Привязчивая песенка, исполняемая звонкими детскими голосами, повторилась в очередной раз. Рябая Ленка, гостья из соседней деревни, которая последние полчаса дремала у печки на низком продавленном кресле, оперев на предплечья свою засаленную голову, разлепила мутные глаза и с трудом посмотрела на собутыльников:

- Эй, это че, вы че, телек включили?

Михан пьяно расхохотался, показывая недостаток зубов с правой стороны, почесывая вылезающее из спортивок волосатое брюхо:

- Ты че, мать? Совсем долбанулась? У меня ж нет телека. Это на улице, говнюки мелкие орут. По-любому, личинки мажоров этих с одиннадцатой линии приехали. Нет, чтоб культурно отдохнуть, они вечно херней какой-то страдают.

Семеныч согласно кивнул своей плешивой головой, подтаскивая к себе поближе стакан и шпротики:

- То, мля, саночки у них, то вот теперь горло дерут… Сча встану, и насую вам колбаски, мля.

- Щедрик-Петрик! – снова затянули на улице, словно хрустальные капельки зазвенели.

- Да етишь твою! – Михан недовольно поднялся, в три шага прошел вдоль замурзанного дивана через грязную кухоньку к входной двери, косяк которой подернулся пушистой изморозью – все-таки на улице минус двадцать семь, а развалюха Михана напоминала скорее дом второго поросенка, а не полноценное жилье. Если бы не чугунная печечка, собутыльникам пришлось бы туго, но, несмотря на то, что они квасили уже два дня, все время кто-то один оставался в относительном соображении, чтобы не забывать подбрасывать топливо, и возле очага было жарко как в пекле. Когда хозяин вышел в сени, чтобы шугануть надоедливых малолеток, оставшуюся парочку алкашей обдало ледяным сквозняком, и жаркое алкогольное марево немного отступило от их размягченных мозгов.
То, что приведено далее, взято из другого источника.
lemma mat_mult_upper_toeplitz_index:
  assumes "a < n" and "b < n" and "\<And>z. z < 0 \<Longrightarrow> c z = 0"
  shows "(mat n n h * mat n n (\<lambda>(i, j). c (int j - int i))) $$ (a, b) =
    (\<Sum>r\<le>b. (h (a, r) :: 'a::comm_ring_1) * c (int b - int r))"
  using assms by (simp add: scalar_prod_def atLeast0LessThan, intro sum.mono_neutral_cong_right) auto

lemma det_leading_anti_identity_columns:
  fixes M :: "'a::comm_ring_1 mat"
  assumes "M \<in> carrier_mat N N" and "p \<le> N"
    and "\<And>k j. k < N \<Longrightarrow> j < p \<Longrightarrow> M $$ (k, j) = (if k + j + 1 = p then 1 else 0)"
  shows "det M = (-1)^(p choose 2) * det (mat (N - p) (N - p) (\<lambda>(a, b). M $$ (p + a, p + b)))"
  using assms
proof (induction p arbitrary: N M)
  case 0
  then have "mat (N - 0) (N - 0) (\<lambda>(a, b). M $$ (0 + a, 0 + b)) = M"
    by (intro eq_matI) auto
  then show ?case
    by (simp add: binomial_eq_0)
next
  case (Suc p)
  obtain N' where N': "N = Suc N'"
    using Suc.prems(2) by (cases N) auto
  define M' where "M' = mat_delete M p 0"
  \<comment> \<open>the first column has its only nonzero entry, a one, in row \<open>p\<close>\<close>
  have "det M = (\<Sum>i<N. M $$ (i, 0) * cofactor M i 0)"
    by (rule laplace_expansion_column[OF Suc.prems(1)]) (simp add: N')
  also have "\<dots> = cofactor M p 0"
    using Suc.prems(2,3) N' by (simp add: if_distrib[of "\<lambda>x. x * _"] sum.delta' cong: if_cong)
  finally have det_M: "det M = (-1)^p * det M'"
    by (simp add: cofactor_def M'_def)
  have M'_carrier: "M' \<in> carrier_mat N' N'"
    unfolding M'_def using mat_delete_carrier[OF Suc.prems(1)] N' by simp
  have M'_entry: "M' $$ (k, j) = M $$ (if k < p then k else Suc k, Suc j)" if "k < N'" "j < N'" for k j
    using that Suc.prems(1) N' by (simp add: M'_def mat_delete_def)
  have "det M' = (-1)^(p choose 2) * det (mat (N' - p) (N' - p) (\<lambda>(a, b). M' $$ (p + a, p + b)))"
  proof (rule Suc.IH[OF M'_carrier])
    show "p \<le> N'"
      using Suc.prems(2) N' by simp
    show "M' $$ (k, j) = (if k + j + 1 = p then 1 else 0)" if "k < N'" "j < p" for k j
      using that M'_entry[of k j] Suc.prems(2) Suc.prems(3)[of k "Suc j"] Suc.prems(3)[of "Suc k" "Suc j"] N'
      by (cases "k < p") auto
  qed
  moreover have "mat (N' - p) (N' - p) (\<lambda>(a, b). M' $$ (p + a, p + b)) =
      mat (N - Suc p) (N - Suc p) (\<lambda>(a, b). M $$ (Suc p + a, Suc p + b))"
    by (intro eq_matI) (auto simp: M'_entry N')
  moreover have "(-1::'a)^p * (-1)^(p choose 2) = (-1)^(Suc p choose 2)"
    by (simp add: numeral_2_eq_2 power_add[symmetric] add.commute)
  ultimately show ?case
    using det_M by (simp add: mult.assoc[symmetric])
qed

lemma hankel_det_neg_eq_0:
  assumes "1 \<le> n" and "n \<le> m"
  shows "hankel_det (- int m) n = 0"
proof -
  define H where "H = mat n n (\<lambda>(i, j). narayana (int i + int j + - int m))"
  \<comment> \<open>its first row vanishes\<close>
  have "det H = (\<Sum>j<n. H $$ (0, j) * cofactor H 0 j)"
    by (rule laplace_expansion_row) (use assms in \<open>auto simp: H_def\<close>)
  also have "\<dots> = 0"
    by (rule sum.neutral) (use assms in \<open>auto simp: H_def\<close>)
  finally show ?thesis
    by (simp add: hankel_det_def H_def)
qed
На крыльце не было никого, а порядком утомившая колядка зазвучала как будто издалека, с другого конца улицы, ближе к полям.

- Эй, мелкие долбаки! – Михан не пошел на мороз, но последнее слово за собой должен был оставить. – пошли на хер!

Он хлопнул дверью, стремясь вернуться к возлияниям, и песенка снова издевательски зазвенела прямо под окном:

- Выноси скорей, не морозь детей!

- Дети!!!! – Ленка подскочила, заколыхалась телесами в обтягивающей комбинации, по рыбьи хлопая оплывшим ртом. – Милочка, Гошка! Я ж к вам, долбонавтам, только долг отдать зайти хотела! Они ж одни там совсем уже третий день! Без еды, без тепла!

Она кинулась к двери, даже не подумав одеться, в разношенных тапочках, и не чувствуя холода, побежала вдаль по улице, подскальзываясь на укатанном снегу.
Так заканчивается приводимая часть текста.